By Estelle Maryline Delpech
Computer-assisted translation (CAT) has continuously used translation stories, which require the translator to have a corpus of earlier translations that the CAT software program can use to generate bilingual lexicons. this is challenging while the translator doesn't have the sort of corpus, for example, while the textual content belongs to an rising box. to unravel this factor, CAT examine has regarded into the leveraging of similar corpora, i.e. a suite of texts, in or extra languages, which care for an identical subject yet usually are not translations of 1 another.
This paintings had fundamental pursuits. the 1st is to evaluate the enter of lexicons extracted from related corpora within the context of a really expert human translation job. the second one aim is to spot bilingual-lexicon-extraction equipment which most sensible fit the translators’ wishes, deciding on the present limits of those recommendations and suggesting advancements. the writer focuses, specifically, at the identity of fertile translations, the administration of a number of morphological buildings, and the score of candidate translations.
The experiments are performed on language pairs (English–French and English–German) and on really good texts facing breast melanoma. This study places major emphasis on applicability – methodological offerings are guided through the wishes of the ultimate clients.
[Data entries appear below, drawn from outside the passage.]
(* Let $(\mathcal{B}_1,\mathcal{B}_0)$ be a Rota-Baxter operator on a crossed module of Lie groups $(H,G,t,\Phi)$, and let $\mathcal{C}$ be the small category associated with $(H,G,t,\Phi)$ (see context). Define $R_0:\mathcal{C}_0\times\mathcal{C}_0\to\mathcal{C}_0\times\mathcal{C}_0$ and $R_1:\mathcal{C}_1\times\mathcal{C}_1\to\mathcal{C}_1\times\mathcal{C}_1$ by $$R_0(c,d)=\Big(\mathrm{Ad}_{\mathcal{B}_0(c)}d,\ \mathrm{Ad}_{\mathcal{B}_0(\mathrm{Ad}_{\mathcal{B}_0(c)}d)^{-1}(\mathrm{Ad}_{\mathcal{B}_0(c)}d)^{-1}}\,c\Big),$$ $$R_1(X,Y)=\Big(\mathrm{Ad}_{\mathcal{B}(X)}Y,\ \mathrm{Ad}_{\mathcal{B}(\mathrm{Ad}_{\mathcal{B}(X)}Y)^{-1}(\mathrm{Ad}_{\mathcal{B}(X)}Y)^{-1}}\,X\Big),\quad X,Y\in G\times H,$$ where in $R_0$ the operations are in $G$, in $R_1$ they are in the semi-direct product group $(G\ltimes_\Phi H,\cdot_\Phi)$, $\mathrm{Ad}_gh=ghg^{-1}$, and $\mathcal{B}(a,p)=\big(\mathcal{B}_0(a),\ \Phi(\mathcal{B}_0(a))\mathcal{B}_1(\Phi(\mathcal{B}_0(a)^{-1}a^{-1})p)\big)$. Then $R=(R_1,R_0):\mathcal{C}\times\mathcal{C}\to\mathcal{C}\times\mathcal{C}$ is an invertible functor satisfying $$(R\times\mathrm{Id}_{\mathcal{C}})(\mathrm{Id}_{\mathcal{C}}\times R)(R\times\mathrm{Id}_{\mathcal{C}})=(\mathrm{Id}_{\mathcal{C}}\times R)(R\times\mathrm{Id}_{\mathcal{C}})(\mathrm{Id}_{\mathcal{C}}\times R),$$ i.e. $(\mathcal{C},R)$ is a categorical solution of the Yang-Baxter equation.
   Context: A crossed module of Lie groups is a quadruple $(H,G,t,\Phi)$ where $H,G$ are Lie groups, $t:H\to G$ is a Lie group homomorphism and $\Phi:G\to\mathrm{Aut}(H)$ is a smooth action of $G$ on $H$ by automorphisms such that $\Phi(t(p))q=pqp^{-1}$ and $t(\Phi(a)p)=a\,t(p)\,a^{-1}$ for all $p,q\in H$, $a\in G$. A Rota-Baxter operator on a Lie group $G$ is a smooth map $\mathcal{B}:G\to G$ with $\mathcal{B}(a)\mathcal{B}(b)=\mathcal{B}(a\mathcal{B}(a)b\mathcal{B}(a)^{-1})$ for all $a,b\in G$. A Rota-Baxter operator on a crossed module of Lie groups $(H,G,t,\Phi)$ is a pair $(\mathcal{B}_1,\mathcal{B}_0)$ of smooth maps $\mathcal{B}_1:H\to H$, $\mathcal{B}_0:G\to G$ such that (i) $\mathcal{B}_1,\mathcal{B}_0$ are Rota-Baxter operators on $H$, $G$; (ii) $t\circ\mathcal{B}_1=\mathcal{B}_0\circ t$; (iii) $\Phi(\mathcal{B}_0(a))\mathcal{B}_1(p)=\mathcal{B}_1\big(\Phi(a\mathcal{B}_0(a))(p\mathcal{B}_1(p))\cdot\Phi(\mathcal{B}_0(a))\mathcal{B}_1(p)^{-1}\big)$ for all $a\in G,p\in H$. The small category $\mathcal{C}$ associated with $(H,G,t,\Phi)$: objects $\mathcal{C}_0=G$, morphisms $\mathcal{C}_1=G\times H$, source $\mathfrak{s}(a,p)=a$, target $\mathfrak{t}(a,p)=t(p)a$, composition $(a,p)\circ(b,q)=(b,pq)$ whenever $t(q)b=a$, identities $1_a=(a,e_H)$. The semi-direct product $(G\ltimes_\Phi H,\cdot_\Phi)$ is $G\times H$ with $(a,p)\cdot_\Phi(b,q)=(ab,p\Phi(a)q)$. $\mathcal{C}\times\mathcal{C}$ is the product category. A categorical solution of the Yang-Baxter equation is a pair $(\mathcal{C},R)$ with $\mathcal{C}$ a small category and $R:\mathcal{C}\times\mathcal{C}\to\mathcal{C}\times\mathcal{C}$ an invertible functor satisfying the displayed braid relation. *)

theory Defs
  imports "HOL-Algebra.Algebra"
begin

text \<open>Smoothness is not modelled; all structures are abstract groups.\<close>

definition crossed_module ::
  "('h, 'c) monoid_scheme \<Rightarrow> ('g, 'd) monoid_scheme \<Rightarrow> ('h \<Rightarrow> 'g) \<Rightarrow> ('g \<Rightarrow> 'h \<Rightarrow> 'h) \<Rightarrow> bool"
  where
  "crossed_module H G t Phi \<longleftrightarrow>
     group H \<and> group G \<and> t \<in> hom H G \<and>
     (\<forall>a\<in>carrier G. Phi a \<in> iso H H) \<and>
     (\<forall>a\<in>carrier G. \<forall>b\<in>carrier G. \<forall>p\<in>carrier H. Phi (a \<otimes>\<^bsub>G\<^esub> b) p = Phi a (Phi b p)) \<and>
     (\<forall>p\<in>carrier H. Phi \<one>\<^bsub>G\<^esub> p = p) \<and>
     (\<forall>p\<in>carrier H. \<forall>q\<in>carrier H. Phi (t p) q = p \<otimes>\<^bsub>H\<^esub> q \<otimes>\<^bsub>H\<^esub> inv\<^bsub>H\<^esub> p) \<and>
     (\<forall>a\<in>carrier G. \<forall>p\<in>carrier H. t (Phi a p) = a \<otimes>\<^bsub>G\<^esub> t p \<otimes>\<^bsub>G\<^esub> inv\<^bsub>G\<^esub> a)"

definition rota_baxter :: "('g, 'd) monoid_scheme \<Rightarrow> ('g \<Rightarrow> 'g) \<Rightarrow> bool" where
  "rota_baxter G B \<longleftrightarrow> B \<in> carrier G \<rightarrow> carrier G \<and>
     (\<forall>a\<in>carrier G. \<forall>b\<in>carrier G.
        B a \<otimes>\<^bsub>G\<^esub> B b = B (a \<otimes>\<^bsub>G\<^esub> B a \<otimes>\<^bsub>G\<^esub> b \<otimes>\<^bsub>G\<^esub> inv\<^bsub>G\<^esub> (B a)))"

definition rota_baxter_cm ::
  "('h, 'c) monoid_scheme \<Rightarrow> ('g, 'd) monoid_scheme \<Rightarrow> ('h \<Rightarrow> 'g) \<Rightarrow> ('g \<Rightarrow> 'h \<Rightarrow> 'h)
   \<Rightarrow> ('h \<Rightarrow> 'h) \<Rightarrow> ('g \<Rightarrow> 'g) \<Rightarrow> bool" where
  "rota_baxter_cm H G t Phi B1 B0 \<longleftrightarrow>
     rota_baxter H B1 \<and> rota_baxter G B0 \<and>
     (\<forall>p\<in>carrier H. t (B1 p) = B0 (t p)) \<and>
     (\<forall>a\<in>carrier G. \<forall>p\<in>carrier H.
        Phi (B0 a) (B1 p) =
        B1 (Phi (a \<otimes>\<^bsub>G\<^esub> B0 a) (p \<otimes>\<^bsub>H\<^esub> B1 p) \<otimes>\<^bsub>H\<^esub> inv\<^bsub>H\<^esub> (Phi (B0 a) (B1 p))))"

definition semidirect ::
  "('g, 'd) monoid_scheme \<Rightarrow> ('h, 'c) monoid_scheme \<Rightarrow> ('g \<Rightarrow> 'h \<Rightarrow> 'h) \<Rightarrow> ('g \<times> 'h) monoid" where
  "semidirect G H Phi =
     \<lparr> carrier = carrier G \<times> carrier H,
       monoid.mult = (\<lambda>(a, p) (b, q). (a \<otimes>\<^bsub>G\<^esub> b, p \<otimes>\<^bsub>H\<^esub> Phi a q)),
       monoid.one = (\<one>\<^bsub>G\<^esub>, \<one>\<^bsub>H\<^esub>) \<rparr>"

definition Ad :: "('a, 'd) monoid_scheme \<Rightarrow> 'a \<Rightarrow> 'a \<Rightarrow> 'a" where
  "Ad M g h = g \<otimes>\<^bsub>M\<^esub> h \<otimes>\<^bsub>M\<^esub> inv\<^bsub>M\<^esub> g"

definition B_sd ::
  "('g, 'd) monoid_scheme \<Rightarrow> ('h, 'c) monoid_scheme \<Rightarrow> ('g \<Rightarrow> 'h \<Rightarrow> 'h)
   \<Rightarrow> ('h \<Rightarrow> 'h) \<Rightarrow> ('g \<Rightarrow> 'g) \<Rightarrow> 'g \<times> 'h \<Rightarrow> 'g \<times> 'h" where
  "B_sd G H Phi B1 B0 = (\<lambda>(a, p).
     (B0 a, Phi (B0 a) (B1 (Phi (inv\<^bsub>G\<^esub> (B0 a) \<otimes>\<^bsub>G\<^esub> inv\<^bsub>G\<^esub> a) p))))"

definition R_map :: "('a, 'd) monoid_scheme \<Rightarrow> ('a \<Rightarrow> 'a) \<Rightarrow> 'a \<times> 'a \<Rightarrow> 'a \<times> 'a" where
  "R_map M B = (\<lambda>(x, y).
     (let u = Ad M (B x) y
      in (u, Ad M (inv\<^bsub>M\<^esub> (B u) \<otimes>\<^bsub>M\<^esub> inv\<^bsub>M\<^esub> u) x)))"

definition R0 :: "('g, 'd) monoid_scheme \<Rightarrow> ('g \<Rightarrow> 'g) \<Rightarrow> 'g \<times> 'g \<Rightarrow> 'g \<times> 'g" where
  "R0 G B0 = R_map G B0"

definition R1 ::
  "('g, 'd) monoid_scheme \<Rightarrow> ('h, 'c) monoid_scheme \<Rightarrow> ('g \<Rightarrow> 'h \<Rightarrow> 'h)
   \<Rightarrow> ('h \<Rightarrow> 'h) \<Rightarrow> ('g \<Rightarrow> 'g) \<Rightarrow> ('g \<times> 'h) \<times> ('g \<times> 'h) \<Rightarrow> ('g \<times> 'h) \<times> ('g \<times> 'h)" where
  "R1 G H Phi B1 B0 = R_map (semidirect G H Phi) (B_sd G H Phi B1 B0)"

record ('o, 'm) small_cat =
  cat_ob :: "'o set"
  cat_mor :: "'m set"
  cat_src :: "'m \<Rightarrow> 'o"
  cat_tgt :: "'m \<Rightarrow> 'o"
  cat_comp :: "'m \<Rightarrow> 'm \<Rightarrow> 'm"  \<comment> \<open>cat_comp f g = f o g, defined when tgt g = src f\<close>
  cat_id :: "'o \<Rightarrow> 'm"

definition prod_cat :: "('o, 'm) small_cat \<Rightarrow> ('p, 'n) small_cat \<Rightarrow> ('o \<times> 'p, 'm \<times> 'n) small_cat" where
  "prod_cat C D =
     \<lparr> cat_ob = cat_ob C \<times> cat_ob D,
       cat_mor = cat_mor C \<times> cat_mor D,
       cat_src = (\<lambda>(f, g). (cat_src C f, cat_src D g)),
       cat_tgt = (\<lambda>(f, g). (cat_tgt C f, cat_tgt D g)),
       cat_comp = (\<lambda>(f, g) (f', g'). (cat_comp C f f', cat_comp D g g')),
       cat_id = (\<lambda>(x, y). (cat_id C x, cat_id D y)) \<rparr>"

definition is_functor ::
  "('o, 'm) small_cat \<Rightarrow> ('p, 'n) small_cat \<Rightarrow> ('m \<Rightarrow> 'n) \<Rightarrow> ('o \<Rightarrow> 'p) \<Rightarrow> bool" where
  "is_functor C D F1 F0 \<longleftrightarrow>
     F0 \<in> cat_ob C \<rightarrow> cat_ob D \<and> F1 \<in> cat_mor C \<rightarrow> cat_mor D \<and>
     (\<forall>f\<in>cat_mor C. cat_src D (F1 f) = F0 (cat_src C f)) \<and>
     (\<forall>f\<in>cat_mor C. cat_tgt D (F1 f) = F0 (cat_tgt C f)) \<and>
     (\<forall>f\<in>cat_mor C. \<forall>g\<in>cat_mor C. cat_tgt C g = cat_src C f \<longrightarrow>
        F1 (cat_comp C f g) = cat_comp D (F1 f) (F1 g)) \<and>
     (\<forall>x\<in>cat_ob C. F1 (cat_id C x) = cat_id D (F0 x))"

definition invertible_functor ::
  "('o, 'm) small_cat \<Rightarrow> ('p, 'n) small_cat \<Rightarrow> ('m \<Rightarrow> 'n) \<Rightarrow> ('o \<Rightarrow> 'p) \<Rightarrow> bool" where
  "invertible_functor C D F1 F0 \<longleftrightarrow>
     is_functor C D F1 F0 \<and>
     (\<exists>S1 S0. is_functor D C S1 S0 \<and>
        (\<forall>x\<in>cat_ob C. S0 (F0 x) = x) \<and> (\<forall>y\<in>cat_ob D. F0 (S0 y) = y) \<and>
        (\<forall>f\<in>cat_mor C. S1 (F1 f) = f) \<and> (\<forall>g\<in>cat_mor D. F1 (S1 g) = g))"

definition R_x_Id :: "('a \<times> 'a \<Rightarrow> 'a \<times> 'a) \<Rightarrow> 'a \<times> 'a \<times> 'a \<Rightarrow> 'a \<times> 'a \<times> 'a" where
  "R_x_Id F = (\<lambda>(x, y, z). (fst (F (x, y)), snd (F (x, y)), z))"

definition Id_x_R :: "('a \<times> 'a \<Rightarrow> 'a \<times> 'a) \<Rightarrow> 'a \<times> 'a \<times> 'a \<Rightarrow> 'a \<times> 'a \<times> 'a" where
  "Id_x_R F = (\<lambda>(x, y, z). (x, F (y, z)))"

definition braid_rel :: "'a set \<Rightarrow> ('a \<times> 'a \<Rightarrow> 'a \<times> 'a) \<Rightarrow> bool" where
  "braid_rel A F \<longleftrightarrow> (\<forall>x\<in>A. \<forall>y\<in>A. \<forall>z\<in>A.
     R_x_Id F (Id_x_R F (R_x_Id F (x, y, z))) = Id_x_R F (R_x_Id F (Id_x_R F (x, y, z))))"

definition categorical_YBE_solution ::
  "('o, 'm) small_cat \<Rightarrow> ('m \<times> 'm \<Rightarrow> 'm \<times> 'm) \<Rightarrow> ('o \<times> 'o \<Rightarrow> 'o \<times> 'o) \<Rightarrow> bool" where
  "categorical_YBE_solution C F1 F0 \<longleftrightarrow>
     invertible_functor (prod_cat C C) (prod_cat C C) F1 F0 \<and>
     braid_rel (cat_ob C) F0 \<and> braid_rel (cat_mor C) F1"

definition cm_category ::
  "('h, 'c) monoid_scheme \<Rightarrow> ('g, 'd) monoid_scheme \<Rightarrow> ('h \<Rightarrow> 'g) \<Rightarrow> ('g, 'g \<times> 'h) small_cat" where
  "cm_category H G t =
     \<lparr> cat_ob = carrier G,
       cat_mor = carrier G \<times> carrier H,
       cat_src = (\<lambda>(a, p). a),
       cat_tgt = (\<lambda>(a, p). t p \<otimes>\<^bsub>G\<^esub> a),
       cat_comp = (\<lambda>(a, p) (b, q). (b, p \<otimes>\<^bsub>H\<^esub> q)),
       cat_id = (\<lambda>a. (a, \<one>\<^bsub>H\<^esub>)) \<rparr>"

end

theory Submission
  imports Defs
begin

text \<open>
  In any group M with a Rota-Baxter operator B the map
  R (x, y) = (u, Ad (B(u)\<inverse> u\<inverse>) x) with u = Ad (B x) y is the standard
  set-theoretic solution attached to the descendent group x \<circ> y = x B(x) y B(x)\<inverse>: it preserves
  \<circ>-products, its first components compose via the homomorphism B, and \<circ> is left cancellative,
  which forces the braid relation; its inverse is written down explicitly. Moreover R is built
  from the group operations and B alone, so it commutes with every homomorphism intertwining
  two Rota-Baxter operators.

  Both R0 and R1 are instances: R0 for (G, B0), R1 for the semidirect product K = G \<ltimes> H with the
  operator B of the statement, which is Rota-Baxter thanks to condition (iii). Source, target
  and identity of the category are homomorphisms between (K, B) and (G, B0) intertwining the
  operators, and composition is such a homomorphism on the subgroup of composable pairs of
  K \<times> K. Naturality of R with respect to these four maps is exactly functoriality.
\<close>

section \<open>The Yang-Baxter map of an operator on a group\<close>

context group
begin

lemma inv_mult_cancel [simp]: "x \<in> carrier G \<Longrightarrow> y \<in> carrier G \<Longrightarrow> inv x \<otimes> (x \<otimes> y) = y"
  by (simp add: m_assoc [symmetric])

lemma mult_inv_cancel [simp]: "x \<in> carrier G \<Longrightarrow> y \<in> carrier G \<Longrightarrow> x \<otimes> (inv x \<otimes> y) = y"
  by (simp add: m_assoc [symmetric])

lemma Ad_closed [simp]: "g \<in> carrier G \<Longrightarrow> x \<in> carrier G \<Longrightarrow> Ad G g x \<in> carrier G"
  by (simp add: Ad_def)

lemma Ad_mult: "g \<in> carrier G \<Longrightarrow> x \<in> carrier G \<Longrightarrow> y \<in> carrier G \<Longrightarrow>
    Ad G g (x \<otimes> y) = Ad G g x \<otimes> Ad G g y"
  by (simp add: Ad_def m_assoc)

lemma Ad_inv: "g \<in> carrier G \<Longrightarrow> x \<in> carrier G \<Longrightarrow> Ad G g (inv x) = inv (Ad G g x)"
  by (simp add: Ad_def m_assoc inv_mult_group)

lemma Ad_Ad: "g \<in> carrier G \<Longrightarrow> h \<in> carrier G \<Longrightarrow> x \<in> carrier G \<Longrightarrow>
    Ad G g (Ad G h x) = Ad G (g \<otimes> h) x"
  by (simp add: Ad_def m_assoc inv_mult_group)

end

definition R_map_inv :: "('a, 'd) monoid_scheme \<Rightarrow> ('a \<Rightarrow> 'a) \<Rightarrow> 'a \<times> 'a \<Rightarrow> 'a \<times> 'a" where
  "R_map_inv M B = (\<lambda>(u, v).
     (let x = Ad M (u \<otimes>\<^bsub>M\<^esub> B u) v in (x, Ad M (inv\<^bsub>M\<^esub> (B x)) u)))"

context group
begin

lemma R_map_eq:
  "R_map G B (x, y) =
     (Ad G (B x) y, Ad G (inv (B (Ad G (B x) y)) \<otimes> inv (Ad G (B x) y)) x)"
  by (simp add: R_map_def Let_def)

context
  fixes B assumes B_closed: "B \<in> carrier G \<rightarrow> carrier G"
begin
This ebook is prepared in components: the 1st half offers the applicative and medical context of the examine, and the second one half is given over to efforts to enhance compositional translation.
The examine paintings offered during this ebook acquired the PhD Thesis award 2014 from the French organization for average language processing (ATALA).
Read or Download Comparable Corpora and Computer-assisted Translation PDF
Best software development books
This article explains, from a number of views, how software program and the software program are diversified from different industries technologically, organizationally, and socially.
Effectively enforce reliable computing initiatives utilizing aspect-oriented programming This landmark book fills a spot within the literature via not just describing the elemental innovations of reliable computing (TWC) and aspect-oriented programming (AOP), but in addition exploring their severe interrelationships.
Opher and Peter,
Just acquired my replica of occasion Processing in motion and browse it even though the weekend.
I might say that you just and Peter produced a real magnum opus. it is nice!
It could be learn by:
A) each seller that's constructing an EDA/CEP to promote; and
B) each software program engineer who's constructing an EDA/CEP program.
Your ebook is the development processing consultant for a few years to return.
Thank you and congratulations!
Magento is a feature-rich, expert, open resource e-commerce program that provides retailers whole flexibility and keep an eye on over the glance, content material, and performance in their on-line shop. you've the main appealing Magento shop on the web with the main aggressive costs, yet with out viewers, you will fight to make major revenues.
Extra resources for Comparable Corpora and Computer-assisted Translation
These translations were judged to be of a lesser quality than the translations generated by automatic systems, and this was based on measures such as BLEU and NIST. The authors use this experiment to remind us that these measures are not directly linked to the quality of the translations but that they only evaluate the resemblance to a reference dataset, which is moreover considered questionable, especially in translation. 2. Human MT evaluation Human evaluation consists of presenting sentence translations to humans who must judge their quality.
These very good results can be explained by the nature of their data: the evaluation lexicon is made up of words whose number of occurrences is higher than 100 and the comparable corpus is composed of the unaligned parts belonging to a single-parallel corpus. 3. e. words used as trustworthy elements, for they are automatically identiﬁable, are not ambiguous and belong to the comparable corpus’ topic. The authors suggest giving them more weight than other elements in the context vectors due to their properties making them highly discriminating elements.
E. the word i of the English matrix is the translation of the word i of the German matrix. Then [RAP 95] randomly switches the order of the words in the matrices to misalign them. He then observes that the similarity22 of the source and target matrices decreases when the number of misaligned words increases. [FUN 97] goes further with [RAP 95]’s experiment and uses a bilingual lexicon, which she projects onto the source and target corpora, which enables her to obtain attested translation pairs in both corpora.